Красс не охнул, даже не захрипел. Он только глубоко вздохнул и замер, не дыша, голый и толстый, как поросенок, с вытаращенными глазами. Потом воздух со стоном и свистом вырвался у него из груди. Он откинулся назад и упал на пол. Хрипя и захлебываясь, весь в испарине от боли, он принялся теперь на карачках собирать свою разбросанную одежду.
Когда он, полуголый, одной рукой держась за живот, другой ухватился за ручку двери, Карит приподнялась и посмотрела ему в глаза:
– Прошу прощения, эчелленце, - издевательски заверила его она.

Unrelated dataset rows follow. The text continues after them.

(* Let $(\mathcal{A},\cdot,[\cdot,\cdot],\alpha)$ be a Hom-Poisson algebra, let $\lambda\in\mathbb{C}$ be fixed, and let $D$ be a derivation of $(\mathcal{A},\cdot)$ such that $D\alpha=\alpha D$ and $D([x,y])=[D(x),y]+[x,D(y)]+\lambda[x,y]$ for all $x,y\in\mathcal{A}$. Define $x\circ y=x\cdot D(y)+\lambda\, x\cdot y$ for $x,y\in\mathcal{A}$. Then $(\mathcal{A},[\cdot,\cdot],\circ,\alpha)$ is a Hom Gel'fand-Dorfman bialgebra.
   Context: All vector spaces are over $\mathbb{C}$. A Hom-associative algebra is a vector space with a bilinear map $\cdot$ and linear map $\alpha$ such that $\alpha(x)\cdot(y\cdot z)=(x\cdot y)\cdot\alpha(z)$; it is commutative if $x\cdot y=y\cdot x$. A Hom-Lie algebra is a vector space with a bilinear map $[\cdot,\cdot]$ and linear map $\alpha$ with $[x,y]=-[y,x]$ and $[[x,y],\alpha(z)]+[[y,z],\alpha(x)]+[[z,x],\alpha(y)]=0$. A Hom-Poisson algebra is a vector space $\mathcal{A}$ with operations $\cdot$, $[\cdot,\cdot]$ and a linear endomorphism $\alpha$ such that $(\mathcal{A},\cdot,\alpha)$ is a commutative Hom-associative algebra, $(\mathcal{A},[\cdot,\cdot],\alpha)$ is a Hom-Lie algebra, and $[\alpha(x),y\cdot z]=\alpha(y)\cdot[x,z]+\alpha(z)\cdot[x,y]$ for all $x,y,z$. A derivation of $(\mathcal{A},\cdot)$ is a linear map $D$ with $D(x\cdot y)=D(x)\cdot y+x\cdot D(y)$. A Hom-Novikov algebra is a vector space with a bilinear operation $\circ$ and a linear endomorphism $\alpha$ such that $(x\circ y)\circ\alpha(z)-\alpha(x)\circ(y\circ z)=(y\circ x)\circ\alpha(z)-\alpha(y)\circ(x\circ z)$ and $(x\circ y)\circ\alpha(z)=(x\circ z)\circ\alpha(y)$. A Hom Gel'fand-Dorfman bialgebra is a vector space $\mathcal{A}$ with a linear endomorphism $\alpha$ and two bilinear operations $[\cdot,\cdot],\circ$ such that $(\mathcal{A},[\cdot,\cdot],\alpha)$ is a Hom-Lie algebra, $(\mathcal{A},\circ,\alpha)$ is a Hom-Novikov algebra, and $[x\circ y,\alpha(z)]-[x\circ z,\alpha(y)]+[x,y]\circ\alpha(z)-[x,z]\circ\alpha(y)-\alpha(x)\circ[y,z]=0$ for all $x,y,z$. *)

theory Defs
  imports Complex_Main
begin

text \<open>A complex vector space is modelled as a type 'a of class ab_group_add together with a
  scalar multiplication sc :: complex => 'a => 'a satisfying the vector space axioms
  (locale vector_space).\<close>

definition clin :: "(complex \<Rightarrow> 'a::ab_group_add \<Rightarrow> 'a) \<Rightarrow> ('a \<Rightarrow> 'a) \<Rightarrow> bool" where
  "clin sc f \<longleftrightarrow> Vector_Spaces.linear sc sc f"

definition cbilinear :: "(complex \<Rightarrow> 'a::ab_group_add \<Rightarrow> 'a) \<Rightarrow> ('a \<Rightarrow> 'a \<Rightarrow> 'a) \<Rightarrow> bool" where
  "cbilinear sc m \<longleftrightarrow> (\<forall>x. clin sc (m x)) \<and> (\<forall>y. clin sc (\<lambda>x. m x y))"

definition hom_assoc :: "(complex \<Rightarrow> 'a::ab_group_add \<Rightarrow> 'a) \<Rightarrow> ('a \<Rightarrow> 'a \<Rightarrow> 'a) \<Rightarrow> ('a \<Rightarrow> 'a) \<Rightarrow> bool" where
  "hom_assoc sc m \<alpha> \<longleftrightarrow> vector_space sc \<and> cbilinear sc m \<and> clin sc \<alpha> \<and>
     (\<forall>x y z. m (\<alpha> x) (m y z) = m (m x y) (\<alpha> z))"

definition comm_hom_assoc :: "(complex \<Rightarrow> 'a::ab_group_add \<Rightarrow> 'a) \<Rightarrow> ('a \<Rightarrow> 'a \<Rightarrow> 'a) \<Rightarrow> ('a \<Rightarrow> 'a) \<Rightarrow> bool" where
  "comm_hom_assoc sc m \<alpha> \<longleftrightarrow> hom_assoc sc m \<alpha> \<and> (\<forall>x y. m x y = m y x)"

definition hom_lie :: "(complex \<Rightarrow> 'a::ab_group_add \<Rightarrow> 'a) \<Rightarrow> ('a \<Rightarrow> 'a \<Rightarrow> 'a) \<Rightarrow> ('a \<Rightarrow> 'a) \<Rightarrow> bool" where
  "hom_lie sc b \<alpha> \<longleftrightarrow> vector_space sc \<and> cbilinear sc b \<and> clin sc \<alpha> \<and>
     (\<forall>x y. b x y = - b y x) \<and>
     (\<forall>x y z. b (b x y) (\<alpha> z) + b (b y z) (\<alpha> x) + b (b z x) (\<alpha> y) = 0)"

definition hom_poisson :: "(complex \<Rightarrow> 'a::ab_group_add \<Rightarrow> 'a) \<Rightarrow> ('a \<Rightarrow> 'a \<Rightarrow> 'a) \<Rightarrow> ('a \<Rightarrow> 'a \<Rightarrow> 'a) \<Rightarrow> ('a \<Rightarrow> 'a) \<Rightarrow> bool" where
  "hom_poisson sc m b \<alpha> \<longleftrightarrow> comm_hom_assoc sc m \<alpha> \<and> hom_lie sc b \<alpha> \<and>
     (\<forall>x y z. b (\<alpha> x) (m y z) = m (\<alpha> y) (b x z) + m (\<alpha> z) (b x y))"

definition derivation :: "(complex \<Rightarrow> 'a::ab_group_add \<Rightarrow> 'a) \<Rightarrow> ('a \<Rightarrow> 'a \<Rightarrow> 'a) \<Rightarrow> ('a \<Rightarrow> 'a) \<Rightarrow> bool" where
  "derivation sc m D \<longleftrightarrow> clin sc D \<and> (\<forall>x y. D (m x y) = m (D x) y + m x (D y))"

definition hom_novikov :: "(complex \<Rightarrow> 'a::ab_group_add \<Rightarrow> 'a) \<Rightarrow> ('a \<Rightarrow> 'a \<Rightarrow> 'a) \<Rightarrow> ('a \<Rightarrow> 'a) \<Rightarrow> bool" where
  "hom_novikov sc c \<alpha> \<longleftrightarrow> vector_space sc \<and> cbilinear sc c \<and> clin sc \<alpha> \<and>
     (\<forall>x y z. c (c x y) (\<alpha> z) - c (\<alpha> x) (c y z) = c (c y x) (\<alpha> z) - c (\<alpha> y) (c x z)) \<and>
     (\<forall>x y z. c (c x y) (\<alpha> z) = c (c x z) (\<alpha> y))"

definition hom_GD_bialgebra :: "(complex \<Rightarrow> 'a::ab_group_add \<Rightarrow> 'a) \<Rightarrow> ('a \<Rightarrow> 'a \<Rightarrow> 'a) \<Rightarrow> ('a \<Rightarrow> 'a \<Rightarrow> 'a) \<Rightarrow> ('a \<Rightarrow> 'a) \<Rightarrow> bool" where
  "hom_GD_bialgebra sc b c \<alpha> \<longleftrightarrow> hom_lie sc b \<alpha> \<and> hom_novikov sc c \<alpha> \<and>
     (\<forall>x y z. b (c x y) (\<alpha> z) - b (c x z) (\<alpha> y) + c (b x y) (\<alpha> z) - c (b x z) (\<alpha> y)
              - c (\<alpha> x) (b y z) = 0)"

end

theory Submission
  imports Defs
begin

text \<open>Write \<open>E = D + \<lambda> id\<close>, so that \<open>x \<circ> y = x \<cdot> E y\<close>. By the hypotheses \<open>E\<close> is an honest
  derivation of the bracket and commutes with \<open>\<alpha>\<close>, while on the product it satisfies the twisted
  Leibniz rule \<open>E (x \<cdot> y) = E x \<cdot> y + x \<cdot> D y\<close>. For the Novikov identities only this twisted rule,
  commutativity and Hom-associativity are needed: the left-symmetric defect of \<open>\<circ>\<close> reduces to
  \<open>-\<alpha> x \<cdot> (y \<cdot> D (E z))\<close>, which is symmetric in \<open>x, y\<close>. The compatibility with the bracket
  follows by expanding both brackets of products with the Hom-Leibniz rule and \<open>E [y, z]\<close> with
  the derivation rule; all terms cancel in pairs.\<close>

lemma clin_add: "clin sc f \<Longrightarrow> f (x + y) = f x + f y"
  unfolding clin_def Vector_Spaces.linear_iff by blast

lemma clin_scale: "clin sc f \<Longrightarrow> f (sc c x) = sc c (f x)"
  unfolding clin_def Vector_Spaces.linear_iff by blast

lemma clin_minus: "clin sc f \<Longrightarrow> f (- x) = - f x"
  by (rule additive.minus) (unfold_locales, rule clin_add)

lemma clinI:
  assumes "vector_space sc" "\<And>x y. f (x + y) = f x + f y" "\<And>c x. f (sc c x) = sc c (f x)"
  shows "clin sc f"
  using assms unfolding clin_def Vector_Spaces.linear_iff by blast

lemma cbilinear_clin_right: "cbilinear sc m \<Longrightarrow> clin sc (m x)"
  unfolding cbilinear_def by blast

lemma cbilinear_clin_left: "cbilinear sc m \<Longrightarrow> clin sc (\<lambda>y. m y x)"
  unfolding cbilinear_def by blast

lemma cbilinear_compose_right:
  assumes "vector_space sc" "cbilinear sc m" "clin sc E"
  shows "cbilinear sc (\<lambda>x y. m x (E y))"
  unfolding cbilinear_def
proof (intro conjI allI)
  fix x y
  show "clin sc (\<lambda>y. m x (E y))"
    using assms clin_add[OF cbilinear_clin_right[OF assms(2)]] clin_add[OF assms(3)]
      clin_scale[OF cbilinear_clin_right[OF assms(2)]] clin_scale[OF assms(3)]
    by (intro clinI) simp_all
  show "clin sc (\<lambda>x. m x (E y))"
    by (rule cbilinear_clin_left[OF assms(2)])
qed

lemma comm_hom_assoc_left_commute:
  assumes "comm_hom_assoc sc m \<alpha>"
  shows "m (\<alpha> x) (m y z) = m (\<alpha> y) (m x z)"
  using assms unfolding comm_hom_assoc_def hom_assoc_def by metis

lemma hom_novikov_of_comm_hom_assoc:
  assumes cha: "comm_hom_assoc sc m \<alpha>" and E: "clin sc E"
    and E_\<alpha>: "\<And>x. E (\<alpha> x) = \<alpha> (E x)"
    and E_mult: "\<And>x y. E (m x y) = m (E x) y + m x (F y)"
  shows "hom_novikov sc (\<lambda>x y. m x (E y)) \<alpha>"
proof -
  from cha have vs: "vector_space sc" and bil: "cbilinear sc m" and \<alpha>: "clin sc \<alpha>"
    and assoc: "\<And>x y z. m (\<alpha> x) (m y z) = m (m x y) (\<alpha> z)"
    and comm: "\<And>x y. m x y = m y x"
    unfolding comm_hom_assoc_def hom_assoc_def by blast+
  note m_right = cbilinear_clin_right[OF bil]
  have left_symm_defect:
    "m (m x (E y)) (E (\<alpha> z)) - m (\<alpha> x) (E (m y (E z))) = - m (\<alpha> x) (m y (F (E z)))" for x y z
    by (simp add: E_\<alpha> E_mult assoc[symmetric] clin_add[OF m_right])
  have "m (m x (E y)) (E (\<alpha> z)) = m (m x (E z)) (E (\<alpha> y))" for x y z
    by (metis E_\<alpha> assoc comm)
  moreover have "m (m x (E y)) (E (\<alpha> z)) - m (\<alpha> x) (E (m y (E z))) =
      m (m y (E x)) (E (\<alpha> z)) - m (\<alpha> y) (E (m x (E z)))" for x y z
    unfolding left_symm_defect using comm_hom_assoc_left_commute[OF cha] by simp
  ultimately show ?thesis
    unfolding hom_novikov_def using vs \<alpha> cbilinear_compose_right[OF vs bil E] by blast
qed

lemma hom_poisson_bracket_mult_left:
  assumes "hom_poisson sc m b \<alpha>"
  shows "b (m u v) (\<alpha> w) = m (\<alpha> u) (b v w) + m (\<alpha> v) (b u w)"
proof -
  from assms have anti: "\<And>x y. b x y = - b y x" and m_right: "\<And>x. clin sc (m x)"
    and leibniz: "\<And>x y z. b (\<alpha> x) (m y z) = m (\<alpha> y) (b x z) + m (\<alpha> z) (b x y)"
    unfolding hom_poisson_def comm_hom_assoc_def hom_assoc_def hom_lie_def cbilinear_def
    by blast+
  have "b (m u v) (\<alpha> w) = - (m (\<alpha> u) (b w v) + m (\<alpha> v) (b w u))"
    by (simp only: anti[of "m u v"] leibniz)
  also have "\<dots> = m (\<alpha> u) (b v w) + m (\<alpha> v) (b u w)"
    using anti[of w v] anti[of w u] by (simp add: clin_minus[OF m_right])
  finally show ?thesis .
qed

lemma hom_GD_compatibility_of_hom_poisson:
  assumes P: "hom_poisson sc m b \<alpha>"
    and E_\<alpha>: "\<And>x. E (\<alpha> x) = \<alpha> (E x)"
    and E_bracket: "\<And>x y. E (b x y) = b (E x) y + b x (E y)"
  shows "b (m x (E y)) (\<alpha> z) - b (m x (E z)) (\<alpha> y) + m (b x y) (E (\<alpha> z))
           - m (b x z) (E (\<alpha> y)) - m (\<alpha> x) (E (b y z)) = 0"
proof -
  from P have anti: "\<And>x y. b x y = - b y x" and m_right: "\<And>x. clin sc (m x)"
    and comm: "\<And>x y. m x y = m y x"
    unfolding hom_poisson_def comm_hom_assoc_def hom_assoc_def hom_lie_def cbilinear_def
    by blast+
  have "b (m x (E y)) (\<alpha> z) = m (\<alpha> x) (b (E y) z) + m (\<alpha> (E y)) (b x z)"
    by (rule hom_poisson_bracket_mult_left[OF P])
  moreover have "b (m x (E z)) (\<alpha> y) = - m (\<alpha> x) (b y (E z)) + m (\<alpha> (E z)) (b x y)"
    using hom_poisson_bracket_mult_left[OF P, of x "E z" y] anti[of "E z" y]
    by (simp add: clin_minus[OF m_right])
  moreover have "m (\<alpha> x) (E (b y z)) = m (\<alpha> x) (b (E y) z) + m (\<alpha> x) (b y (E z))"
    by (simp only: E_bracket clin_add[OF m_right])
  ultimately show ?thesis
    by (simp add: E_\<alpha> comm[of "b x y"] comm[of "b x z"])
qed

theorem hom_GD_bialgebra_of_hom_poisson:
  assumes P: "hom_poisson sc m b \<alpha>" and E: "clin sc E"
    and E_\<alpha>: "\<And>x. E (\<alpha> x) = \<alpha> (E x)"
    and E_bracket: "\<And>x y. E (b x y) = b (E x) y + b x (E y)"
    and E_mult: "\<And>x y. E (m x y) = m (E x) y + m x (F y)"
  shows "hom_GD_bialgebra sc b (\<lambda>x y. m x (E y)) \<alpha>"
proof -
  from P have cha: "comm_hom_assoc sc m \<alpha>" and lie: "hom_lie sc b \<alpha>"
    unfolding hom_poisson_def by blast+
  have "hom_novikov sc (\<lambda>x y. m x (E y)) \<alpha>"
    using cha E E_\<alpha> E_mult by (rule hom_novikov_of_comm_hom_assoc)
  moreover have "b (m x (E y)) (\<alpha> z) - b (m x (E z)) (\<alpha> y) + m (b x y) (E (\<alpha> z))
      - m (b x z) (E (\<alpha> y)) - m (\<alpha> x) (E (b y z)) = 0" for x y z
    using P E_\<alpha> E_bracket by (rule hom_GD_compatibility_of_hom_poisson)
  ultimately show ?thesis
    unfolding hom_GD_bialgebra_def using lie by blast
qed

lemma shifted_derivation_mult:
  assumes "derivation sc m D" "cbilinear sc m"
  shows "D (m x y) + sc lam (m x y) = m (D x + sc lam x) y + m x (D y)"
  using assms(1) clin_add[OF cbilinear_clin_left[OF assms(2)]]
    clin_scale[OF cbilinear_clin_left[OF assms(2)]]
  unfolding derivation_def by (simp add: algebra_simps)

lemma shifted_derivation_bracket:
  assumes bil: "cbilinear sc b"
    and D_bracket: "\<forall>x y. D (b x y) = b (D x) y + b x (D y) + sc lam (b x y)"
  shows "D (b x y) + sc lam (b x y) = b (D x + sc lam x) y + b x (D y + sc lam y)"
proof -
  note b_left = cbilinear_clin_left[OF bil] and b_right = cbilinear_clin_right[OF bil]
  have "b (D x + sc lam x) y + b x (D y + sc lam y)
      = b (D x) y + b x (D y) + sc lam (b x y) + sc lam (b x y)"
    by (simp add: clin_add[OF b_left] clin_add[OF b_right]
        clin_scale[OF b_left] clin_scale[OF b_right] add.assoc add.left_commute)
  then show ?thesis using D_bracket by simp
qed

theorem theorem3p15:
  fixes sc :: "complex \<Rightarrow> 'a::ab_group_add \<Rightarrow> 'a"
    and m b :: "'a \<Rightarrow> 'a \<Rightarrow> 'a" and \<alpha> D :: "'a \<Rightarrow> 'a" and lam :: complex
  assumes "hom_poisson sc m b \<alpha>"
    and "derivation sc m D"
    and "\<forall>x. D (\<alpha> x) = \<alpha> (D x)"
    and "\<forall>x y. D (b x y) = b (D x) y + b x (D y) + sc lam (b x y)"
  shows "hom_GD_bialgebra sc b (\<lambda>x y. m x (D y) + sc lam (m x y)) \<alpha>"
proof -
  define E where "E y = D y + sc lam y" for y
  from assms(1) have vs: "vector_space sc" and bil_m: "cbilinear sc m"
    and bil_b: "cbilinear sc b" and \<alpha>: "clin sc \<alpha>"
    unfolding hom_poisson_def comm_hom_assoc_def hom_assoc_def hom_lie_def by blast+
  interpret vector_space sc by (rule vs)
  from assms(2) have D: "clin sc D" unfolding derivation_def by blast
  have E: "clin sc E"
    by (rule clinI[OF vs]) (simp_all add: E_def clin_add[OF D] clin_scale[OF D]
        scale_right_distrib scale_left_commute)
  have E_\<alpha>: "E (\<alpha> x) = \<alpha> (E x)" for x
    using assms(3) by (simp add: E_def clin_add[OF \<alpha>] clin_scale[OF \<alpha>])
  have E_bracket: "E (b x y) = b (E x) y + b x (E y)" for x y
    unfolding E_def using bil_b assms(4) by (rule shifted_derivation_bracket)
  have E_mult: "E (m x y) = m (E x) y + m x (D y)" for x y
    unfolding E_def by (rule shifted_derivation_mult[OF assms(2) bil_m])
  have circ_eq: "(\<lambda>x y. m x (D y) + sc lam (m x y)) = (\<lambda>x y. m x (E y))"
    by (simp add: E_def clin_add[OF cbilinear_clin_right[OF bil_m]]
        clin_scale[OF cbilinear_clin_right[OF bil_m]])
  show ?thesis
    unfolding circ_eq using assms(1) E E_\<alpha> E_bracket E_mult by (rule hom_GD_bialgebra_of_hom_poisson)
qed

end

Красс выполз в коридор своей виллы и в полусогнутом состоянии спустился вниз, в библиотеку, где его приятель сидел за столом и читал книгу. Он очень удивился. Таким Красса он еще не видел: в тунике задом-наперед, в одной сандалии и с серебряным поясом в зубах. Приятель хохотал, сгибаясь над, столом, пока хозяин виллы, багрово-красный, потный, приводил себя в порядок, то ли сердито сопя, то ли наслаждаясь вновь обретенной способностью дышать.
Новоприобретенную рабыню сразу же, как только ее здоровье оказалось вне опасности, отправили на кухню, под присмотр старой поварихи Красса, впредь, до дальнейшего решения ее судьбы.
* * * * *
Кухарка, толстая, рыхлая, с добрым веснушчатым лицом, одетая в старый халат неопределенно-лилового цвета, вызвала в Карит прилив необъяснимой симпатии. Возможно, потому что она давно уже не видела добрых рыхлых бабьих тел. Ей невольно припомнилась ее старая знакомая, Тетис.
Кухарка, увидев Карит, всплеснула руками:
– Какая красавица!
И тут же задала вопрос:
– Это что же с нашим-то подеялось (имелся в виду хозяин)? Такую-то кралю, да и сразу на кухню? Да она, поди, и картошку-то чистить не умеет.
– Умею, - заверила ее Карит.
Она деловито уселась возле большого чана на скользкую колченогую табуретку, ужасаясь про себя неимоверному количеству довольно мелкой картошки, находящейся в чане. Чтоб угодить кухарке, она старалась чистить как можно аккуратней, срезая только тоненькую кожурку (во избежание излишних отходов). Кухарка, заметив это, сказала:
– Да не пыжься ты! Как выходит, так и режь. Что ее мало, что ли? Картошки-то этой.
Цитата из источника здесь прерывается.